Trust issues in cloud computing environments can be divided into four sub-categories (Bezzi, Kalavuri & Sabetta, (2011) which include:

• How to define and evaluate trust according to the unique attributes in cloud computing environments.

• How to handle malicious information when trust relationships in clouds are temporary and dynamic.

• How to consider and provide a different security level for service according to the trust degree.

• How to manage trust degree change with interaction time and context, and to monitor, adjust, and to accurately reflect the trust relationship dynamic.

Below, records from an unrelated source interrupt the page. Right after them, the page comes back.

(* Let $f:\mathbb{Z}^N\to\mathbb{R}\cup\{+\infty\}$ be an M-convex function with unique minimizer $x^*$, let $\hat{x}\in\mathbb{R}^N$, and let $x^\circ\in\arg\min\{\|x-\lfloor\hat{x}\rceil\|_1 : x\in\operatorname{dom} f\}$. Then $\|x^*-x^\circ\|_1\le 4\|\hat{x}-x^*\|_1$.
   Context: $N=\{1,\dots,n\}$, $e_i$ is the $i$th unit vector, $\operatorname{dom} f=\{x\in\mathbb{Z}^N: f(x)<+\infty\}$. A proper $f$ is M-convex if for all $x,y\in\operatorname{dom} f$ and every $i$ with $x_i>y_i$ there is $j$ with $x_j<y_j$ and $f(x)+f(y)\ge f(x-e_i+e_j)+f(y+e_i-e_j)$. $\lfloor\cdot\rceil$ is element-wise rounding to a closest integer. *)

theory Defs
  imports "HOL-Library.Extended_Real"
begin

text \<open>Integer vectors in Z^N are functions from a finite index type 'n to int.
  Functions f : Z^N -> R \<union> {+\<infinity>} are modelled as maps into ereal that never take -\<infinity>.\<close>

definition dom_f :: "(('n \<Rightarrow> int) \<Rightarrow> ereal) \<Rightarrow> ('n \<Rightarrow> int) set" where
  "dom_f f = {x. f x < \<infinity>}"

definition unitv :: "'n \<Rightarrow> 'n \<Rightarrow> int" where
  "unitv i = (\<lambda>k. if k = i then 1 else 0)"

definition proper_fun :: "(('n \<Rightarrow> int) \<Rightarrow> ereal) \<Rightarrow> bool" where
  "proper_fun f \<longleftrightarrow> (\<forall>x. f x \<noteq> -\<infinity>) \<and> dom_f f \<noteq> {}"

definition M_convex :: "(('n \<Rightarrow> int) \<Rightarrow> ereal) \<Rightarrow> bool" where
  "M_convex f \<longleftrightarrow> proper_fun f \<and>
     (\<forall>x\<in>dom_f f. \<forall>y\<in>dom_f f. \<forall>i. x i > y i \<longrightarrow>
        (\<exists>j. x j < y j \<and>
             f x + f y \<ge> f (\<lambda>k. x k - unitv i k + unitv j k) + f (\<lambda>k. y k + unitv i k - unitv j k)))"

definition l1_int :: "('n::finite \<Rightarrow> int) \<Rightarrow> int" where
  "l1_int x = (\<Sum>i\<in>UNIV. \<bar>x i\<bar>)"

definition l1_real :: "('n::finite \<Rightarrow> real) \<Rightarrow> real" where
  "l1_real x = (\<Sum>i\<in>UNIV. \<bar>x i\<bar>)"

definition is_rounding :: "('n \<Rightarrow> real) \<Rightarrow> ('n \<Rightarrow> int) \<Rightarrow> bool" where
  "is_rounding xhat r \<longleftrightarrow> (\<forall>i. \<forall>z::int. \<bar>xhat i - of_int (r i)\<bar> \<le> \<bar>xhat i - of_int z\<bar>)"

end

theory Submission
  imports Defs
begin

text \<open>Only two facts are needed: \<open>x\<^sup>\<circ>\<close> is at least as close to the rounding \<open>r\<close>
  of \<open>x\<^sub>h\<close> as \<open>x\<^sup>*\<close> is, and rounding at most doubles the distance from \<open>x\<^sub>h\<close>
  to any integer point, since \<open>|z - r| \<le> |z - x\<^sub>h| + |x\<^sub>h - r| \<le> 2 |z - x\<^sub>h|\<close>.
  The triangle inequality then gives
  \<open>\<parallel>x\<^sup>* - x\<^sup>\<circ>\<parallel> \<le> \<parallel>x\<^sup>* - r\<parallel> + \<parallel>x\<^sup>\<circ> - r\<parallel> \<le> 2 \<parallel>x\<^sup>* - r\<parallel> \<le> 4 \<parallel>x\<^sub>h - x\<^sup>*\<parallel>\<close>.\<close>

lemma l1_int_diff_triangle:
  "l1_int (\<lambda>i. x i - z i) \<le> l1_int (\<lambda>i. x i - y i) + l1_int (\<lambda>i. z i - y i)"
  unfolding l1_int_def sum.distrib[symmetric] by (rule sum_mono) linarith

lemma rounding_dist_le_twice:
  assumes "is_rounding xhat r"
  shows "\<bar>real_of_int (z - r i)\<bar> \<le> 2 * \<bar>xhat i - of_int z\<bar>"
proof -
  have "\<bar>xhat i - of_int (r i)\<bar> \<le> \<bar>xhat i - of_int z\<bar>"
    using assms unfolding is_rounding_def by blast
  then show ?thesis
    unfolding of_int_diff by (simp add: abs_if split: if_splits)
qed

lemma l1_rounding_le_twice:
  assumes "is_rounding xhat r"
  shows "of_int (l1_int (\<lambda>i. z i - r i)) \<le> 2 * l1_real (\<lambda>i. xhat i - of_int (z i))"
  unfolding l1_int_def l1_real_def of_int_sum sum_distrib_left of_int_abs
  using rounding_dist_le_twice[OF assms] by (intro sum_mono) simp

theorem mainTheorem2:
  fixes f :: "('n::finite \<Rightarrow> int) \<Rightarrow> ereal"
    and xstar xcirc r :: "'n \<Rightarrow> int"
    and xhat :: "'n \<Rightarrow> real"
  assumes "M_convex f"
    and "xstar \<in> dom_f f"
    and "\<forall>y. f xstar \<le> f y"
    and "\<forall>y. f y = f xstar \<longrightarrow> y = xstar"
    and "is_rounding xhat r"
    and "xcirc \<in> dom_f f"
    and "\<forall>x\<in>dom_f f. l1_int (\<lambda>i. xcirc i - r i) \<le> l1_int (\<lambda>i. x i - r i)"
  shows "l1_int (\<lambda>i. xstar i - xcirc i) \<le> 4 * l1_real (\<lambda>i. xhat i - of_int (xstar i))"
proof -
  have "l1_int (\<lambda>i. xstar i - xcirc i) \<le> l1_int (\<lambda>i. xstar i - r i) + l1_int (\<lambda>i. xcirc i - r i)"
    by (rule l1_int_diff_triangle)
  also have "\<dots> \<le> 2 * l1_int (\<lambda>i. xstar i - r i)"
    using assms(2,7) by auto
  finally have "of_int (l1_int (\<lambda>i. xstar i - xcirc i)) \<le> 2 * (of_int (l1_int (\<lambda>i. xstar i - r i)) :: real)"
    by linarith
  with l1_rounding_le_twice[OF assms(5), of xstar] show ?thesis
    by linarith
qed

end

2.4 Cloud Monitoring Issues

Cloud Computing has a number of positive aspects pushing for its rapid adoption, from both the economic and the technical perspectives (Tormo, Marmol & Perez, 2012). The Cloud provides a lower Total Cost of Ownership, and increased flexibility in terms of both resources and Service Level Agreements. It allows for the focusing on the core business, by ignoring the costs related to infrastructure management. It also provides an improved scalability, ubiquitous access to data and resources, and advanced disaster recovery mechanisms. Together with these positive aspects Cloud Computing has a number of challenges for which the research community and industry are investing resources. Monitoring issues in cloud computing environments can be divided into four sub-categories (Dondio & Longo, 2011). The requirement is for accurate and fine-grained monitoring, platforms and measurement techniques.

• How to best monitor and measure provision of scalability, load balancing, Quality of Service (QoS), service continuity and application performance.

• How to guarantee SLAs.

• How to realize best measurement for management of large scale, complex and federated infrastructures.

• How to evaluate the root causes of end-to-end performance.

3 Cloud Identity Effective cloud management recognises the need to use identity and advanced identity management mechanisms to overcome many of the issues noted in section 2. Identity management systems provide authentication and authorization based on end user identities. They keep privacy, while at the same time provide interoperability across multiple domains. Traditional identity management systems allow the end users, to some extent, to manage their personal information for accessing certain services. However, cloud computing brings a different perspective related to the end users’ interests. Additionally, end users are more concerned about who can access their data. Identity management systems have been shown to be secure and efficient in diverse contexts and scenarios. By establishing trust relationships between providers and domains, identity management systems offer a huge range of features both for end users and for organizations regarding controlling and exchanging identity-related information while maintaining the privacy (Fang et al., 2012).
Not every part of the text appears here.